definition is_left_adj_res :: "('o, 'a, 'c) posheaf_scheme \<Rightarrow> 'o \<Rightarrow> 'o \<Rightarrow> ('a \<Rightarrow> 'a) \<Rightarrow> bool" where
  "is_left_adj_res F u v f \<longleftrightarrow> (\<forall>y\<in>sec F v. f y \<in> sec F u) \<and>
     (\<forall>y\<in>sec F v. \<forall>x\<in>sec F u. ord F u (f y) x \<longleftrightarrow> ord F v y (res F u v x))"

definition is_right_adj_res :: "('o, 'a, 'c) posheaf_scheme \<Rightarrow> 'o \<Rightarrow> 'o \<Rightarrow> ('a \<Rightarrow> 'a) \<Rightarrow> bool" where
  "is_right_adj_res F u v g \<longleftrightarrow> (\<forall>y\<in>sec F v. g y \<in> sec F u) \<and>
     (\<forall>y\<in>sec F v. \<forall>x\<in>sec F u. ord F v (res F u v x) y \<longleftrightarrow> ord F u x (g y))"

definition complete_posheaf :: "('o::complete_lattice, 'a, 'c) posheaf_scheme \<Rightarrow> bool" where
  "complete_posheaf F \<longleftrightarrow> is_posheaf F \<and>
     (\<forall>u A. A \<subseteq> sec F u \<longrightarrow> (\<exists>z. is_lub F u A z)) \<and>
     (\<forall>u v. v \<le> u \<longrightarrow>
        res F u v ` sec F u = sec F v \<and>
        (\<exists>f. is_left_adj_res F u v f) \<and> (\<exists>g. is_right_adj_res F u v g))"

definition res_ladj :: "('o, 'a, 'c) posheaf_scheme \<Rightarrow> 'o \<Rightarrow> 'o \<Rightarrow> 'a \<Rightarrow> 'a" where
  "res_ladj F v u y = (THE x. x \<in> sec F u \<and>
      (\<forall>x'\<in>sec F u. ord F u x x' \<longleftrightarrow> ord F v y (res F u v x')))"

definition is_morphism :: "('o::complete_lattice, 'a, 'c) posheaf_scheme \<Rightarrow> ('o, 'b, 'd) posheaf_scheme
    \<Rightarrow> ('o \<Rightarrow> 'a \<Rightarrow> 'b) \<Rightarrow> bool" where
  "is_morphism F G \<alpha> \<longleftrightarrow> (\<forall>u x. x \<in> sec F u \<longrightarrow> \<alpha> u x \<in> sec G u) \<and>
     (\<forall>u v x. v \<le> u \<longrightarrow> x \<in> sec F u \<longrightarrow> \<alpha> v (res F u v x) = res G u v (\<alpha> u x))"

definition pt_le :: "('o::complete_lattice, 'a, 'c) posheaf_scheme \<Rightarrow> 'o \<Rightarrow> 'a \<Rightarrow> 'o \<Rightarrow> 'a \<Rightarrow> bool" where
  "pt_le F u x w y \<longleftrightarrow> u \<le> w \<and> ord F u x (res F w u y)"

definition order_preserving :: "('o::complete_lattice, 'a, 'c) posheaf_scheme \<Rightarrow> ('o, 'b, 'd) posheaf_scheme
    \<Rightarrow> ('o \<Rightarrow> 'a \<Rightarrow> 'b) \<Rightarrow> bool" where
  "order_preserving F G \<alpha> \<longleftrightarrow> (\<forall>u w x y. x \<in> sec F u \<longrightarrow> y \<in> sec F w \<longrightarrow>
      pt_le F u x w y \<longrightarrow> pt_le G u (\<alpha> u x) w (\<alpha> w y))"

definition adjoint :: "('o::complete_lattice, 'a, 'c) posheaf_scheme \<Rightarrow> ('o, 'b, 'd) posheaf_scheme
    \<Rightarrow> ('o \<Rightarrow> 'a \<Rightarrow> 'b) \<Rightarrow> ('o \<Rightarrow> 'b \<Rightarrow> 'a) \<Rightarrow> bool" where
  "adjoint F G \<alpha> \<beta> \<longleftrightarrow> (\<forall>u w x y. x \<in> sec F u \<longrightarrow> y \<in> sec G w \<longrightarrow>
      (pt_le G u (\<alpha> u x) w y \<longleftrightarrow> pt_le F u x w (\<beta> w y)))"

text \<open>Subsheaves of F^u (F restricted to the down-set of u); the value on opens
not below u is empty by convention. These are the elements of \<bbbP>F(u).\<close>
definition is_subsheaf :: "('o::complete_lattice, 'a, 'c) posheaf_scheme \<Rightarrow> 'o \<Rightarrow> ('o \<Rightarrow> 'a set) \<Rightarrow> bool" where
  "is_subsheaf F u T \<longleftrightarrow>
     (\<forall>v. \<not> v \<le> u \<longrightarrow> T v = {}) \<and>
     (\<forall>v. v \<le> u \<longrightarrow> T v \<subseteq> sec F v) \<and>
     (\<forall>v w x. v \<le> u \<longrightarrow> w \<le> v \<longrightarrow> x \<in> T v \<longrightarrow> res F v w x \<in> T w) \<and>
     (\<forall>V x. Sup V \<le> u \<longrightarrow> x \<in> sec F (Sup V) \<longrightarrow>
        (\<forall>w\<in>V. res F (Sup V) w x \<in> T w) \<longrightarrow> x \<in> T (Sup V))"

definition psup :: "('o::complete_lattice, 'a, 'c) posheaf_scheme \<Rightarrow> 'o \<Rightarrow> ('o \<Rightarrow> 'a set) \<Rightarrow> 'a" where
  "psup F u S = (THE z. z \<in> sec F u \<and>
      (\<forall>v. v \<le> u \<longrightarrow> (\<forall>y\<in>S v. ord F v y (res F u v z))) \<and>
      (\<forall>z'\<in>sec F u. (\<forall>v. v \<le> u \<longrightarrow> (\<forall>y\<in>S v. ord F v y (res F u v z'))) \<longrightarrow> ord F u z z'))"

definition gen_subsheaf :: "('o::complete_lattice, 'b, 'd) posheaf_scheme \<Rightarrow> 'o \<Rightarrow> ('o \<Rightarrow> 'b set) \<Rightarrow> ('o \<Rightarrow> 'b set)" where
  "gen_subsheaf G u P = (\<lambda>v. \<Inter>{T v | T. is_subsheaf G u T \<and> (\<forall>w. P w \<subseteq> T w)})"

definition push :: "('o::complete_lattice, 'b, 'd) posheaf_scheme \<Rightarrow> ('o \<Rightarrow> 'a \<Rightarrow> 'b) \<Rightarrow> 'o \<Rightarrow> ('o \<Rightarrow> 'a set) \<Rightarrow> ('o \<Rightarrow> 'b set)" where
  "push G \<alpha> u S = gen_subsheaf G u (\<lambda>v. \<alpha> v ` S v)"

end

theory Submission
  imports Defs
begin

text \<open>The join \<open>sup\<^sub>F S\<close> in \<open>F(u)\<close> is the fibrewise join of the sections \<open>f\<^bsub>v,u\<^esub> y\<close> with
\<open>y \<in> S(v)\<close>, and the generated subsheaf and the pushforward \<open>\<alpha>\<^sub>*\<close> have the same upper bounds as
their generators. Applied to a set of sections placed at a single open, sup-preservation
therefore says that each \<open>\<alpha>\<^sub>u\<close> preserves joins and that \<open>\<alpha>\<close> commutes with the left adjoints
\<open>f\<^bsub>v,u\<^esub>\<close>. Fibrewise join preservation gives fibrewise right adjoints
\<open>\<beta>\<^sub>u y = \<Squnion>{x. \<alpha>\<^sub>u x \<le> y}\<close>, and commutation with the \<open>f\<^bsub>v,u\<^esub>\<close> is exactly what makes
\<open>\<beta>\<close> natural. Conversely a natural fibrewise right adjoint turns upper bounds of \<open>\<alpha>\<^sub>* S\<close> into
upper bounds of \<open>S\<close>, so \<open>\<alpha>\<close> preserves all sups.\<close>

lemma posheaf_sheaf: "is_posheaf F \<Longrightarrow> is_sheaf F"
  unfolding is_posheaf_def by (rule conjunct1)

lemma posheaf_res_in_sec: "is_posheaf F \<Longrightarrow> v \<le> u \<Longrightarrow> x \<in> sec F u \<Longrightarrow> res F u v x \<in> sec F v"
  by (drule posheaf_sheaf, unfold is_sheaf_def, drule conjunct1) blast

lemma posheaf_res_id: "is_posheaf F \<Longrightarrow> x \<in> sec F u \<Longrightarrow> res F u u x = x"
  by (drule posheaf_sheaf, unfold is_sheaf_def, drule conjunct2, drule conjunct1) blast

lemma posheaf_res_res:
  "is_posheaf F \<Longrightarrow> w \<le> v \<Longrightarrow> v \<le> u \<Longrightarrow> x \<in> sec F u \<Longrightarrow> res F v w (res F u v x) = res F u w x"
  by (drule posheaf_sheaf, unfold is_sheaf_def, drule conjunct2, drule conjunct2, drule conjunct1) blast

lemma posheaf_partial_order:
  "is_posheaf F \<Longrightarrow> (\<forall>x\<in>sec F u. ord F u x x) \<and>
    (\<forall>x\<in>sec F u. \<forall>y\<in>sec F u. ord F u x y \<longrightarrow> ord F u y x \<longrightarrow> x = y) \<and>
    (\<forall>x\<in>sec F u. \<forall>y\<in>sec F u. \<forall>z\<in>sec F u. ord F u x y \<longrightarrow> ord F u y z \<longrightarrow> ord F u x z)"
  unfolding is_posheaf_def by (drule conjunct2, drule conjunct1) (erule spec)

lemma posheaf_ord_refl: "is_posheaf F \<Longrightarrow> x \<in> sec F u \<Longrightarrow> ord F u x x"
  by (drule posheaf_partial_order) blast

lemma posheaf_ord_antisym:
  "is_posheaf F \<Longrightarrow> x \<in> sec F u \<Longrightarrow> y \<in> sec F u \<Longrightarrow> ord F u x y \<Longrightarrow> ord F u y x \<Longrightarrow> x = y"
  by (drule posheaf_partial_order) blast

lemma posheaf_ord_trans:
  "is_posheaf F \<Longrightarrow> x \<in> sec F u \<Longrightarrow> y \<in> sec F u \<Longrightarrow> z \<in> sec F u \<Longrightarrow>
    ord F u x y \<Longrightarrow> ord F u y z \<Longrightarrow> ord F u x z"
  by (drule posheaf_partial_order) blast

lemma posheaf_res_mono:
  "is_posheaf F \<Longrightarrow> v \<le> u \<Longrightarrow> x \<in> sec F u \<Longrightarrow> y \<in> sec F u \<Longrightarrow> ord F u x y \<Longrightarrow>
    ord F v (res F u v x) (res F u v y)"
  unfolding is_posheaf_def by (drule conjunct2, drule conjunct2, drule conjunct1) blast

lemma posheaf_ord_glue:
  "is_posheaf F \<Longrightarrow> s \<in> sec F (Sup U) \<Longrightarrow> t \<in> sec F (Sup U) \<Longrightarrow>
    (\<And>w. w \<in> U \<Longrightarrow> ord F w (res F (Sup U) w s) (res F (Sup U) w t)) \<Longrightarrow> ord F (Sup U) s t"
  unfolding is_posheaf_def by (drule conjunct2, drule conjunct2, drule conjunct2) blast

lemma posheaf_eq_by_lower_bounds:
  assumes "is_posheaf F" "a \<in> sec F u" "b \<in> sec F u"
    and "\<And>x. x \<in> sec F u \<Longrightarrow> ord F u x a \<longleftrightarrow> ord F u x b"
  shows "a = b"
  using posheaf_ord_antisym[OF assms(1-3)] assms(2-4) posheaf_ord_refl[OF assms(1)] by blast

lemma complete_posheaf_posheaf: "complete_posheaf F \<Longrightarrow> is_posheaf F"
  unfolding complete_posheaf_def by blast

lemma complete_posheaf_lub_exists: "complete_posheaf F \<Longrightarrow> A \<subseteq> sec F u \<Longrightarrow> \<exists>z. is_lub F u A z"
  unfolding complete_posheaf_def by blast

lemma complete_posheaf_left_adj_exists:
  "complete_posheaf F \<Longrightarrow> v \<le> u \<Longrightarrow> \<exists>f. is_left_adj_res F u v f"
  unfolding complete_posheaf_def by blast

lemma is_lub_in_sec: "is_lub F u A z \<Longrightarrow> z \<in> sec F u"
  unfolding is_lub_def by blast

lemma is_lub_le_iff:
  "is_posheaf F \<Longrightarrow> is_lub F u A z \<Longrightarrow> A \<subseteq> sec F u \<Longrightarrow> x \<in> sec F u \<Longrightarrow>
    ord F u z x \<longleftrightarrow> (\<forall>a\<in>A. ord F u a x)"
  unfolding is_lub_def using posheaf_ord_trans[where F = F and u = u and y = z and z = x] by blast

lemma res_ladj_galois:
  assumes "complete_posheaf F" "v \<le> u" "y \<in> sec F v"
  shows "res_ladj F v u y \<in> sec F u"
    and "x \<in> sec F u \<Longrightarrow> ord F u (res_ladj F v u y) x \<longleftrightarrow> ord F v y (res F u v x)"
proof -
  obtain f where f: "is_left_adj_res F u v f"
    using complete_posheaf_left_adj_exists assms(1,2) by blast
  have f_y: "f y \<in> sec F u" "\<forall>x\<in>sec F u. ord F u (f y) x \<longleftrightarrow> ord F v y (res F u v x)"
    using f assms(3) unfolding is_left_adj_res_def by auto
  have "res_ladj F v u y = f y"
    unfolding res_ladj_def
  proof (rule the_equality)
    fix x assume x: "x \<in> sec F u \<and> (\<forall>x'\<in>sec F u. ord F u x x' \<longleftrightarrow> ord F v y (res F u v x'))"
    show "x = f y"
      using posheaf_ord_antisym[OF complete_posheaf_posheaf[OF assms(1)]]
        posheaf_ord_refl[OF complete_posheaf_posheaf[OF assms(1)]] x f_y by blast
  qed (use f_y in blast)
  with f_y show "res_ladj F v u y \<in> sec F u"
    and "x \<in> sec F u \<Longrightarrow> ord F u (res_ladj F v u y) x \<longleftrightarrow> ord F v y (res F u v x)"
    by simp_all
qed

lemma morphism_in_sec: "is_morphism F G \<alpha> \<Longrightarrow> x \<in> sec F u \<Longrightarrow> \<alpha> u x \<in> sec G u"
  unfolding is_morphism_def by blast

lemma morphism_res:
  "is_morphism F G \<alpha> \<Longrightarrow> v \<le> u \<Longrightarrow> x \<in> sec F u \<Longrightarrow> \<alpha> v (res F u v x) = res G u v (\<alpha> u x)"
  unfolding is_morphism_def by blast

* * * *

What are the lines, exactly as written above, from the line with "unfolding is_posheaf_def by (drule conjunct2, drule conjunct1)" to the line with "ord F v (res F u v x) (res", both included? Output only those.

RESPONSE BELOW
  unfolding is_posheaf_def by (drule conjunct2, drule conjunct1) (erule spec)

lemma posheaf_ord_refl: "is_posheaf F \<Longrightarrow> x \<in> sec F u \<Longrightarrow> ord F u x x"
  by (drule posheaf_partial_order) blast

lemma posheaf_ord_antisym:
  "is_posheaf F \<Longrightarrow> x \<in> sec F u \<Longrightarrow> y \<in> sec F u \<Longrightarrow> ord F u x y \<Longrightarrow> ord F u y x \<Longrightarrow> x = y"
  by (drule posheaf_partial_order) blast

lemma posheaf_ord_trans:
  "is_posheaf F \<Longrightarrow> x \<in> sec F u \<Longrightarrow> y \<in> sec F u \<Longrightarrow> z \<in> sec F u \<Longrightarrow>
    ord F u x y \<Longrightarrow> ord F u y z \<Longrightarrow> ord F u x z"
  by (drule posheaf_partial_order) blast

lemma posheaf_res_mono:
  "is_posheaf F \<Longrightarrow> v \<le> u \<Longrightarrow> x \<in> sec F u \<Longrightarrow> y \<in> sec F u \<Longrightarrow> ord F u x y \<Longrightarrow>
    ord F v (res F u v x) (res F u v y)"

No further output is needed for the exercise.